When used in casual conversation, the term "sheep to shawl" refers to the process of removing a sheep's fleece1 and converting it to usable and somewhat attractive2 fabric, doing everything by hand. A sheep to shawl is also a competitive activity, in which teams of people race to make a shawl from raw wool as quickly as possible. Like curling, Quidditch, and caber tossing, the sheep to shawl is an arcane sport, intimately bound up with certain cultures and time periods. Such competitions are usually held at sheep and wool festivals, county fairs, historical reenactments, and fiber arts conferences.

Converting a sheep to a shawl requires 4 steps.

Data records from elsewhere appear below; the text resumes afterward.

lemma accelerated_step_ineq:
  fixes f :: "'a::euclidean_space \<Rightarrow> real" and h :: "'a \<Rightarrow> ereal"
  assumes fconv: "convex_on UNIV f"
    and fgrad: "\<And>z. (f has_derivative (\<lambda>v. inner (gradf z) v)) (at z)"
    and hprop: "ext_proper h" and hclosed: "ext_closed h" and hconv: "ext_convex h"
    and lam: "lam > 0" and lam_le: "lam \<le> lam0" and ls: "LS f gradf h x lam" and t: "t \<ge> 1"
  defines "G \<equiv> gradmap gradf h lam x"
  assumes hp: "h (x - lam *\<^sub>R G) = ereal hp" and hy: "h y = ereal hy" and hs: "h xs = ereal hs"
    and xs_le: "f xs + hs \<le> f y + hy"
  shows "lam * t\<^sup>2 * ((f (x - lam *\<^sub>R G) + hp) - (f xs + hs))
           - lam0 * (t\<^sup>2 - t) * ((f y + hy) - (f xs + hs))
         \<le> ((norm (t *\<^sub>R x - (t - 1) *\<^sub>R y - xs))\<^sup>2
              - (norm (t *\<^sub>R x - (t - 1) *\<^sub>R y - xs - (t * lam) *\<^sub>R G))\<^sup>2) / 2"
proof -
  define Fp where "Fp = f (x - lam *\<^sub>R G) + hp"
  define Fy where "Fy = f y + hy"
  define Fs where "Fs = f xs + hs"
  define u where "u = t *\<^sub>R x - (t - 1) *\<^sub>R y - xs"
  define N where "N = (norm G)\<^sup>2"
  have at_y: "Fp + inner G (y - x) + lam / 2 * N \<le> Fy"
    using prox_grad_ineq[OF fconv fgrad hprop hclosed hconv lam ls hp[unfolded G_def] hy]
    unfolding Fp_def Fy_def N_def G_def .
  have at_xs: "Fp + inner G (xs - x) + lam / 2 * N \<le> Fs"
    using prox_grad_ineq[OF fconv fgrad hprop hclosed hconv lam ls hp[unfolded G_def] hs]
    unfolding Fp_def Fs_def N_def G_def .
  have "u = - ((t - 1) *\<^sub>R (y - x) + (xs - x))" unfolding u_def by (simp add: algebra_simps)
  then have Gu: "inner G u = - ((t - 1) * inner G (y - x) + inner G (xs - x))"
    by (simp add: inner_add_right inner_diff_right)
  from mult_left_mono[OF at_y, of "t - 1"] t
  have "t * (Fp - Fs) - (t - 1) * (Fy - Fs) \<le> inner G u - t * lam / 2 * N"
    using at_xs unfolding Gu by (simp add: algebra_simps add_divide_distrib diff_divide_distrib)
  from mult_left_mono[OF this, of "lam * t"] lam t
  have "lam * t\<^sup>2 * (Fp - Fs) - lam * (t\<^sup>2 - t) * (Fy - Fs)
        \<le> lam * t * inner G u - (t * lam)\<^sup>2 * N / 2"
    by (simp add: algebra_simps power2_eq_square)
  moreover have "lam * (t\<^sup>2 - t) * (Fy - Fs) \<le> lam0 * (t\<^sup>2 - t) * (Fy - Fs)"
    using lam_le t xs_le unfolding Fy_def Fs_def by (intro mult_right_mono) (auto simp: power2_eq_square)
  moreover have "(norm (u - (t * lam) *\<^sub>R G))\<^sup>2 = (norm u)\<^sup>2 - 2 * (t * lam) * inner u G + (t * lam)\<^sup>2 * N"
    using power2_norm_add_scaleR[of u "- (t * lam)" G] unfolding N_def by simp
  ultimately show ?thesis
    unfolding Fp_def[symmetric] Fy_def[symmetric] Fs_def[symmetric] u_def[symmetric]
    by (simp add: inner_commute algebra_simps)
qed

lemma momentum_residual:
  fixes x y x' y' xs G :: "'a::real_vector"
  assumes "b' \<noteq> 0" and "y' = x - s *\<^sub>R G" and "x' = y' + ((t - 1) / b') *\<^sub>R (y' - y)"
  shows "b' *\<^sub>R x' - (b' - 1) *\<^sub>R y' - xs = (t *\<^sub>R x - (t - 1) *\<^sub>R y - xs) - (t * s) *\<^sub>R G"
proof -
  have "b' *\<^sub>R x' = b' *\<^sub>R y' + (t - 1) *\<^sub>R (y' - y)"
    using assms(1,3) by (simp add: scaleR_add_right)
  then show ?thesis unfolding assms(2) by (simp add: algebra_simps)
qed

lemma fista_beta_sq:
  "((1 + sqrt (1 + 4 * b\<^sup>2)) / 2)\<^sup>2 - (1 + sqrt (1 + 4 * b\<^sup>2)) / 2 = b\<^sup>2"
proof -
  have "(sqrt (1 + 4 * b\<^sup>2))\<^sup>2 = 1 + 4 * b\<^sup>2" by simp
  then show ?thesis by (simp add: power2_eq_square field_simps)
qed

lemma fista_beta:
  fixes beta :: "nat \<Rightarrow> real"
  assumes beta0: "beta 0 = 0" and beta1: "beta 1 = 1"
    and betaS: "\<And>k. k \<ge> 1 \<Longrightarrow> beta (k + 1) = (1 + sqrt (1 + 4 * (beta k)\<^sup>2)) / 2"
    and k: "k \<ge> 1"
  shows "1 \<le> beta k" and "(beta k)\<^sup>2 - beta k = (beta (k - 1))\<^sup>2"
proof -
  have "1 \<le> beta k \<and> (beta k)\<^sup>2 - beta k = (beta (k - 1))\<^sup>2"
  proof (cases "k = 1")
    case True
    then show ?thesis using beta0 beta1 by simp
  next
    case False
    define i where "i = k - 1"
    have i: "k = i + 1" "i \<ge> 1" using k False unfolding i_def by auto
    show ?thesis unfolding i betaS[OF i(2)] by (simp add: fista_beta_sq)
  qed
  then show "1 \<le> beta k" and "(beta k)\<^sup>2 - beta k = (beta (k - 1))\<^sup>2" by auto
qed

theorem mainTheorem9:
  fixes f :: "'a::euclidean_space \<Rightarrow> real" and gradf :: "'a \<Rightarrow> 'a" and L :: real
    and h :: "'a \<Rightarrow> ereal" and xs :: 'a
    and lam beta :: "nat \<Rightarrow> real" and x y :: "nat \<Rightarrow> 'a"
  assumes fconv: "convex_on UNIV f"
    and fgrad: "\<And>z. (f has_derivative (\<lambda>v. inner (gradf z) v)) (at z)"
    and flip: "\<And>z w. norm (gradf z - gradf w) \<le> L * norm (z - w)"
    and hprop: "ext_proper h" and hclosed: "ext_closed h" and hconv: "ext_convex h"
    and xsmin: "\<And>z. ereal (f xs) + h xs \<le> ereal (f z) + h z"
    and x1: "x 1 = y 1" and x1dom: "x 1 \<in> edom h"
    and lam0: "lam 0 > 0"
    and beta0: "beta 0 = 0" and beta1: "beta 1 = 1"
    and betaS: "\<And>k. k \<ge> 1 \<Longrightarrow> beta (k + 1) = (1 + sqrt (1 + 4 * (beta k)\<^sup>2)) / 2"
    and lamk: "\<And>k. k \<ge> 1 \<Longrightarrow> 0 < lam k \<and> lam k \<le> lam (k - 1) \<and> LS f gradf h (x k) (lam k)"
    and lammax: "\<And>k l. k \<ge> 1 \<Longrightarrow> 0 < l \<Longrightarrow> l \<le> lam (k - 1) \<Longrightarrow> LS f gradf h (x k) l \<Longrightarrow> l \<le> lam k"
    and yS: "\<And>k. k \<ge> 1 \<Longrightarrow> y (k + 1) = x k - lam k *\<^sub>R gradmap gradf h (lam k) (x k)"
    and xS: "\<And>k. k \<ge> 1 \<Longrightarrow>
               x (k + 1) = y (k + 1) + ((beta k - 1) / beta (k + 1)) *\<^sub>R (y (k + 1) - y k)"
    and k: "k \<ge> 1"
  shows "ereal (lam k * (beta k)\<^sup>2) * ((ereal (f (y (k + 1))) + h (y (k + 1))) - (ereal (f xs) + h xs))
         - ereal (lam (k - 1) * (beta (k - 1))\<^sup>2) * ((ereal (f (y k)) + h (y k)) - (ereal (f xs) + h xs))
         \<le> ereal ((norm (beta k *\<^sub>R x k - (beta k - 1) *\<^sub>R y k - xs))\<^sup>2
                  - (norm (beta (k + 1) *\<^sub>R x (k + 1) - (beta (k + 1) - 1) *\<^sub>R y (k + 1) - xs))\<^sup>2) / 2"
  \<comment> \<open>The Lipschitz bound and the maximality of \<open>lam k\<close> only make the linesearch well posed;
    the estimate needs just (LS) and \<open>lam k \<le> lam (k - 1)\<close>.\<close>
proof -
  have lam_k: "0 < lam k" "lam k \<le> lam (k - 1)" "LS f gradf h (x k) (lam k)"
    using lamk[OF k] by auto
  have "h (y k) \<noteq> \<infinity>"
  proof (cases "k = 1")
    case True
    then show ?thesis using x1 x1dom unfolding edom_def by auto
  next
    case False
    define i where "i = k - 1"
    have i: "k = i + 1" "i \<ge> 1" using k False unfolding i_def by auto
    obtain r where "h (y (i + 1)) = ereal r"
      unfolding yS[OF i(2)] using gradmap_step_finite[OF hprop hclosed hconv] lamk[OF i(2)] by blast
    then show ?thesis unfolding i by simp
  qed
  then obtain hk where hk: "h (y k) = ereal hk" using ext_proper_real[OF hprop] by blast
  obtain hk1 where hk1: "h (y (k + 1)) = ereal hk1"
    unfolding yS[OF k] by (rule gradmap_step_finite[OF hprop hclosed hconv lam_k(1)])
  have "h xs \<noteq> \<infinity>" using xsmin[of "y k"] hk by auto
  then obtain hs where hs: "h xs = ereal hs" using ext_proper_real[OF hprop] by blast
  have "f xs + hs \<le> f (y k) + hk" using xsmin[of "y k"] hk hs by simp
  note step = accelerated_step_ineq[OF fconv fgrad hprop hclosed hconv lam_k
      fista_beta(1)[OF beta0 beta1 betaS k] hk1[unfolded yS[OF k]] hk hs this]
  have "beta (k + 1) \<noteq> 0" using fista_beta(1)[OF beta0 beta1 betaS, of "k + 1"] by simp
  then have u_next: "beta (k + 1) *\<^sub>R x (k + 1) - (beta (k + 1) - 1) *\<^sub>R y (k + 1) - xs
        = (beta k *\<^sub>R x k - (beta k - 1) *\<^sub>R y k - xs) - (beta k * lam k) *\<^sub>R gradmap gradf h (lam k) (x k)"
    by (rule momentum_residual[OF _ yS[OF k] xS[OF k]])
  show ?thesis
    using step fista_beta(2)[OF beta0 beta1 betaS k] unfolding u_next hk hk1 hs
    unfolding yS[OF k] by simp
qed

  1. Shearing the sheep to remove the wool.
  2. Carding or combing the wool to separate and organize the individual fibers into a form that can be spun quickly and easily. The team can use hand carders or wool combs to accomplish this.3
  3. Spinning the wool. Spinning unwashed wool is known as spinning "in the grease". Water-resistant items can be made with the resulting yarn.
  4. Weaving the wool into a shawl. Shawls are easy to produce, lend themselves well to a variety of weaving patterns, use a considerable amout of yarn, and require no sewing to complete.

With a well organized team, the whole process can take less than four hours.

The optimum size for a sheep to shawl team is between 5 and 7 people. As with other sports, one member acts as a captain. The team consists of:

  • 1 shearer
  • 3 carders/spinners
  • 1 weaver
  • 1 plyer/winder (optional)
  • 1 "rover" (optional)

Each team brings their own sheep and equipment. Less-traditional competitions send a chosen fleece to the team some weeks beforehand for washing and dyeing. The loom the weaver will use is pre-warped so the fresh yarn can be used as weft.

The team works together in JIT assembly line style. When the sheep to shawl begins, the shearer begins shearing while the rest of the team stands by. Once enough wool to start with has been sheared, the other team members begin carding or combing while the shearing continues. Once enough wool has been carded for them to start, the spinners begin while other team members finish up carding. The plyer's job is to take the freshly spun yarn and double or triple ply it if need be, and wind it onto shuttles for the weaver. The rover runs the wool or yarn from shearer to carders to spinners to weaver, and helps out wherever needed. As team members run out of material, they join in on the next stage of production, except for the weaving. Like sheep shearing, the weaving is really a one-person job.

A team entry isn't complete until the shawl is off the loom and finished: fringe knotted and trimmed, etc. In some sheep to shawls, the finished products are then judged for overall quality.

  1. Leaving the sheep alive and uninjured. Wool from dead sheep is called "pulled wool" and is traditionally used for Hudson's Bay blankets.
  2. A purely subjective description. In the fiber arts, the term "attractive" may be applied to a pink-and-purple shapeless tube with no definable purpose.
  3. Wool combs are long claw-like objects with wooden handles. Using them is much more dangerous than holding a sheep down and shaving it.